Netflix is looking to solve the problem of building a scalable and reliable machine learning platform to accelerate every ML practitioner at the company, with a focus on batch-prediction layer and large-scale batch inference workloads.
Requirements
- Hands-on experience with ML engineering or production systems involving training or inference of deep-learning models.
- Proven track record of operating scalable infrastructure for ML workloads (batch or online).
- Proficiency in one or more modern backend languages (e.g. Python, Java, Scala).
- Production experience with containerization & orchestration (Docker, Kubernetes, ECS, etc.) and at least one major cloud provider (AWS preferred).
- Deep understanding of real-world ML development workflows and close partnership with ML researchers or modeling engineers.
- Familiarity with cloud-based AI/ML services (e.g., SageMaker, Bedrock, Databricks, OpenAI, Vertex) or open-source stacks (Ray, Kubeflow, MLflow).
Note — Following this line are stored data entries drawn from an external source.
lemma sum_delta_a:
  assumes "j \<in> {1..m}"
  shows "(\<Sum>k\<in>{1..m}. (if k = j then 1 else 0) *s a k) = a j"
proof -
  have "(\<Sum>k\<in>{1..m}. (if k = j then 1 else 0) *s a k) = (\<Sum>k\<in>{1..m}. if k = j then a k else 0)"
    by (rule sum.cong) auto
  with assms show ?thesis
    by simp
qed

lemma l0_pos: "0 < l 0"
  using lpos by simp

lemma rv_a0: "rv a0 = (\<Sum>j\<in>{1..m}. (l j / l 0) *\<^sub>R rv (a j))"
proof -
  have "real (l 0) *\<^sub>R rv a0 = (\<Sum>j\<in>{1..m}. real (l j) *\<^sub>R rv (a j))"
    using arg_cong[OF rel, of rv] by (simp add: rv_scaleR rv_sum)
  moreover have "rv a0 = (1 / l 0) *\<^sub>R (real (l 0) *\<^sub>R rv a0)"
    using l0_pos by simp
  ultimately show ?thesis
    by (simp add: scaleR_sum_right)
qed

lemma VZ_a0: "a0 \<in> VZ m a"
  unfolding VZ_def mem_Collect_eq rv_a0 by (intro span_sum span_scale rv_a_in_span)

lemma coord_a0: "j \<in> {1..m} \<Longrightarrow> coord a0 j = l j / l 0"
  by (rule coord_eqI[OF rv_a0])

lemma sum_coord_a0: "(\<Sum>j\<in>{1..m}. coord a0 j) = 1"
proof -
  have "real (l 0) = (\<Sum>j\<in>{1..m}. real (l j))"
    using l0 by simp
  then show ?thesis
    using l0_pos by (simp add: coord_a0 flip: sum_divide_distrib)
qed

lemma Mset_iff: "u \<in> Mset m a \<longleftrightarrow> u \<in> VZ m a \<and> (\<forall>j\<in>{1..m}. 0 \<le> coord u j)"
proof
  assume "u \<in> Mset m a"
  then obtain c where "u \<in> VZ m a" "\<forall>j\<in>{1..m}. 0 \<le> c j"
    "rv u = (\<Sum>j\<in>{1..m}. c j *\<^sub>R rv (a j))"
    unfolding Mset_def coneA_def by blast
  then show "u \<in> VZ m a \<and> (\<forall>j\<in>{1..m}. 0 \<le> coord u j)"
    by (simp add: coord_eqI)
next
  assume "u \<in> VZ m a \<and> (\<forall>j\<in>{1..m}. 0 \<le> coord u j)"
  then show "u \<in> Mset m a"
    unfolding Mset_def coneA_def using sum_coord[of u] by (auto intro!: exI[of _ "coord u"])
qed

lemma Bset_iff:
  "u \<in> Bset m a \<longleftrightarrow> u \<in> VZ m a \<and> (\<forall>j\<in>{1..m}. 0 \<le> coord u j \<and> coord u j < 1)"
proof
  assume "u \<in> Bset m a"
  then obtain c where "u \<in> VZ m a" "\<forall>j\<in>{1..m}. 0 \<le> c j \<and> c j < 1"
    "rv u = (\<Sum>j\<in>{1..m}. c j *\<^sub>R rv (a j))"
    unfolding Bset_def parA_def by blast
  then show "u \<in> VZ m a \<and> (\<forall>j\<in>{1..m}. 0 \<le> coord u j \<and> coord u j < 1)"
    by (simp add: coord_eqI)
next
  assume "u \<in> VZ m a \<and> (\<forall>j\<in>{1..m}. 0 \<le> coord u j \<and> coord u j < 1)"
  then show "u \<in> Bset m a"
    unfolding Bset_def parA_def using sum_coord[of u] by (auto intro!: exI[of _ "coord u"])
qed

lemma Bset_imp_Mset: "b \<in> Bset m a \<Longrightarrow> b \<in> Mset m a"
  by (simp add: Bset_iff Mset_iff)

lemma Mset_imp_VZ: "u \<in> Mset m a \<Longrightarrow> u \<in> VZ m a"
  by (simp add: Mset_iff)

lemma Mset_add: "u \<in> Mset m a \<Longrightarrow> w \<in> Mset m a \<Longrightarrow> u + w \<in> Mset m a"
  by (simp add: Mset_iff VZ_add coord_add)

lemma Mset_a0: "a0 \<in> Mset m a"
  by (simp add: Mset_iff VZ_a0 coord_a0)

lemma Mset_zero: "0 \<in> Mset m a"
  using VZ_comb[of "\<lambda>_. 0"] coord_comb[of _ "\<lambda>_. 0"] by (simp add: Mset_iff)

lemma Mset_of_nat_a0: "of_nat k *s a0 \<in> Mset m a"
  by (induction k) (simp_all add: Mset_zero Mset_add Mset_a0 vector_sadd_rdistrib)

definition bpart :: "int ^ 'n \<Rightarrow> int ^ 'n" where
  "bpart u = u - (\<Sum>j\<in>{1..m}. \<lfloor>coord u j\<rfloor> *s a j)"

definition depth :: "int ^ 'n \<Rightarrow> nat" where
  "depth u = (\<Sum>j\<in>{1..m}. nat \<lfloor>coord u j\<rfloor>)"

definition height :: "int ^ 'n \<Rightarrow> real" where
  "height u = (\<Sum>j\<in>{1..m}. coord u j)"

lemma coord_bpart: "u \<in> VZ m a \<Longrightarrow> j \<in> {1..m} \<Longrightarrow> coord (bpart u) j = frac (coord u j)"
  by (simp add: bpart_def coord_diff VZ_comb coord_comb frac_def)

lemma VZ_bpart: "u \<in> VZ m a \<Longrightarrow> bpart u \<in> VZ m a"
  by (simp add: bpart_def VZ_diff VZ_comb)

lemma bpart_in_Bset: "u \<in> VZ m a \<Longrightarrow> bpart u \<in> Bset m a"
  by (simp add: Bset_iff coord_bpart frac_lt_1 VZ_bpart)

lemma floor_coord_Bset: "b \<in> Bset m a \<Longrightarrow> j \<in> {1..m} \<Longrightarrow> \<lfloor>coord b j\<rfloor> = 0"
  by (simp add: Bset_iff floor_eq_iff)

lemma bpart_Bset: "b \<in> Bset m a \<Longrightarrow> bpart b = b"
  by (simp add: bpart_def floor_coord_Bset)

lemma depth_Bset: "b \<in> Bset m a \<Longrightarrow> depth b = 0"
  by (simp add: depth_def floor_coord_Bset)

lemma bpart_add_comb:
  assumes "u \<in> VZ m a"
  shows "bpart (u + (\<Sum>k\<in>{1..m}. c k *s a k)) = bpart u"
proof -
  have "(\<Sum>j\<in>{1..m}. \<lfloor>coord (u + (\<Sum>k\<in>{1..m}. c k *s a k)) j\<rfloor> *s a j)
      = (\<Sum>j\<in>{1..m}. \<lfloor>coord u j\<rfloor> *s a j) + (\<Sum>k\<in>{1..m}. c k *s a k)"
    using assms by (simp add: coord_add_comb vector_sadd_rdistrib sum.distrib)
  then show ?thesis
    by (simp add: bpart_def)
qed

lemma bpart_add_a: "u \<in> VZ m a \<Longrightarrow> j \<in> {1..m} \<Longrightarrow> bpart (u + a j) = bpart u"
  using bpart_add_comb[of u "\<lambda>k. if k = j then 1 else 0"] by (simp add: sum_delta_a)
- Experience optimizing inference for large language models, computer-vision pipelines, or other foundation models (e.g., FSDP, tensor/pipeline parallelism, quantization, distillation).
Responsibilities
- Build developer-friendly APIs, SDKs, and CLIs that let researchers and engineers—experts and non-experts alike—submit and manage batch inference jobs with minimal effort, particularly in the domain of content and media
- Design, implement, and operate distributed services that package, schedule, execute, and monitor batch inference workflows at massive scale.
- Instrument the platform for reliability, debuggability, observability, and cost control; define SLOs and share an equitable on-call rotation
- Foster a culture of engineering excellence through design reviews, mentorship, and candid, constructive feedback
Other
- Excellent written and verbal communication skills; effective collaboration across distributed teams and time zones.
- Comfortable working in a team with peers and partners distributed across (US) geographies & time zones.
- Commitment to operational best practices—observability, logging, incident response, and on-call excellence.
- Bachelor's, Master's, or Ph.D. degree in Computer Science or related field (not explicitly mentioned but implied)
- Full-time hourly employees accrue 35 days annually for paid time off to be used for vacation, holidays, and sick paid time off.